[Start of Attachment]

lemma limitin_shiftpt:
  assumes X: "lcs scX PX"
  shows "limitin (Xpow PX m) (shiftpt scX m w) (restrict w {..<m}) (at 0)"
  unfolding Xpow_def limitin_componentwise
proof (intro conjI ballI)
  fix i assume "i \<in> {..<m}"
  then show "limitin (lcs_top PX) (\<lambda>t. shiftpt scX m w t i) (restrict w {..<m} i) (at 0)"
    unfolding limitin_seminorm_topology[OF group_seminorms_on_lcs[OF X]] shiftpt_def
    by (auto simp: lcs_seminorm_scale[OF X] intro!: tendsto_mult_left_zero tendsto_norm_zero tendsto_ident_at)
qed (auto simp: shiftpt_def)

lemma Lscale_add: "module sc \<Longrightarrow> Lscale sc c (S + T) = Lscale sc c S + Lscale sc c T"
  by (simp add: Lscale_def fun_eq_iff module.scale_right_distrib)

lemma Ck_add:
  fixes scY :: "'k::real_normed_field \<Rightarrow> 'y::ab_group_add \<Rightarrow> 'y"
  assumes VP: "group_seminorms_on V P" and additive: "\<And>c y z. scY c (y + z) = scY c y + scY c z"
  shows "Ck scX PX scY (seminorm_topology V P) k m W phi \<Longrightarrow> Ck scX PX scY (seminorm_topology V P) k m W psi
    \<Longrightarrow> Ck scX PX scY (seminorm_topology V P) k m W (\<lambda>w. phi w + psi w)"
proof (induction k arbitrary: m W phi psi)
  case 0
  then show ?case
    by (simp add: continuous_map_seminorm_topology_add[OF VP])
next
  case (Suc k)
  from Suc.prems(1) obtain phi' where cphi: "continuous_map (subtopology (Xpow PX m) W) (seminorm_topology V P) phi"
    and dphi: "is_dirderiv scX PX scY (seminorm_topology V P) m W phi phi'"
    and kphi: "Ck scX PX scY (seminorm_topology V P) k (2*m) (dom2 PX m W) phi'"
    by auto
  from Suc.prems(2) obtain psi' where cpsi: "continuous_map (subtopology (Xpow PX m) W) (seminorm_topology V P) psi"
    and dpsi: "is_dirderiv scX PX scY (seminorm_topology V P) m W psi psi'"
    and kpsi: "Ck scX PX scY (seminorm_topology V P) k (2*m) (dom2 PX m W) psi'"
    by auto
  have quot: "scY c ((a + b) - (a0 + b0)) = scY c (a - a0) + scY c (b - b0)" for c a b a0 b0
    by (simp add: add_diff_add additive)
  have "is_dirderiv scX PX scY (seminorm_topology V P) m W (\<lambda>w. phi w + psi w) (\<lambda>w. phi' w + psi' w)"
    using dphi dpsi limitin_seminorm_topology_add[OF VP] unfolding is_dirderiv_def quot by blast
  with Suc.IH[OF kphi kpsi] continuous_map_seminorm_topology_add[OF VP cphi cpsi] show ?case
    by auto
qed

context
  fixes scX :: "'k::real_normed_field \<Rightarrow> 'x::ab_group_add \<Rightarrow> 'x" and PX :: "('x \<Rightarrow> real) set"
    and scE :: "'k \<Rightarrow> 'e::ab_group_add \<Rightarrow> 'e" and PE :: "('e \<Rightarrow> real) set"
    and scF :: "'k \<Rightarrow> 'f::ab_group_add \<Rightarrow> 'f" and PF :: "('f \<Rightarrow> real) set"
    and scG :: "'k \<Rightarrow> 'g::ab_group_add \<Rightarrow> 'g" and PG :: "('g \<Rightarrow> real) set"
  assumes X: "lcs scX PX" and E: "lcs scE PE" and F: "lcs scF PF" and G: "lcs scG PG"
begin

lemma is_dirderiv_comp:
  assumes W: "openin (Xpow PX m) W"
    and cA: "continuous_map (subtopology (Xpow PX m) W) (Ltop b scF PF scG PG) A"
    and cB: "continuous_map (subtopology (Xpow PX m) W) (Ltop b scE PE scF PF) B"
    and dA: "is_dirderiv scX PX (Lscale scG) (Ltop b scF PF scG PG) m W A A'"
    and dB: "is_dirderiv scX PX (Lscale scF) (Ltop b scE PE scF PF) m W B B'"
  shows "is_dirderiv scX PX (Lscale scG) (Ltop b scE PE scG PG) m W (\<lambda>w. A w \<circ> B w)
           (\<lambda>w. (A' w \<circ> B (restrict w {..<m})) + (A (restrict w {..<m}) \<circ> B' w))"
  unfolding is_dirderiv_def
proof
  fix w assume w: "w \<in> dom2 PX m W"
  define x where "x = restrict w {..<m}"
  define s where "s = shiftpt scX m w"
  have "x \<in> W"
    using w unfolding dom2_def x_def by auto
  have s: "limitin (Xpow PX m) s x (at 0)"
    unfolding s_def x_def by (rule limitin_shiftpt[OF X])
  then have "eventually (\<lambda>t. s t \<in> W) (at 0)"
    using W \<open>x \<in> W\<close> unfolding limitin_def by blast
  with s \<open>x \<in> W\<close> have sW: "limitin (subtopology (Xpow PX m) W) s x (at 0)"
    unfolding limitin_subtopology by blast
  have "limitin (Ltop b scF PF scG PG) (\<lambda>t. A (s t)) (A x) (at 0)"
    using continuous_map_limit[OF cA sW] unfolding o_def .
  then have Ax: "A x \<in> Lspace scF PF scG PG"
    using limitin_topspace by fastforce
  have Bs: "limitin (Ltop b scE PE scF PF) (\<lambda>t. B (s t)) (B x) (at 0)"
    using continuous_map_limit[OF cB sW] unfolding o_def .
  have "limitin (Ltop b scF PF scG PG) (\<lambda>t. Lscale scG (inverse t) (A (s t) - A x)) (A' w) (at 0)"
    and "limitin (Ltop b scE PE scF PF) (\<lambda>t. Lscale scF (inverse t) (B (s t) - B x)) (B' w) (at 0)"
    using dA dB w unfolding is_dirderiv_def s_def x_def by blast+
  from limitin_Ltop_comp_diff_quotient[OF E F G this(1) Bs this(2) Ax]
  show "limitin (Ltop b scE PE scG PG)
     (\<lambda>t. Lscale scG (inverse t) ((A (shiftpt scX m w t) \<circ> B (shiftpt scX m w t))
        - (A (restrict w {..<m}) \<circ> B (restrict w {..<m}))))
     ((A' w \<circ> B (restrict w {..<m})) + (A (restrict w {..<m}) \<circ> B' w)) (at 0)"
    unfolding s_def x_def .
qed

[End of Attachment]

Copy the records above exactly, beginning at the line that contains "unfolding limitin_subtopology by blast" and stopping after the line that contains "using limitin_topspace by fastforce".

    unfolding limitin_subtopology by blast
  have "limitin (Ltop b scF PF scG PG) (\<lambda>t. A (s t)) (A x) (at 0)"
    using continuous_map_limit[OF cA sW] unfolding o_def .
  then have Ax: "A x \<in> Lspace scF PF scG PG"
    using limitin_topspace by fastforce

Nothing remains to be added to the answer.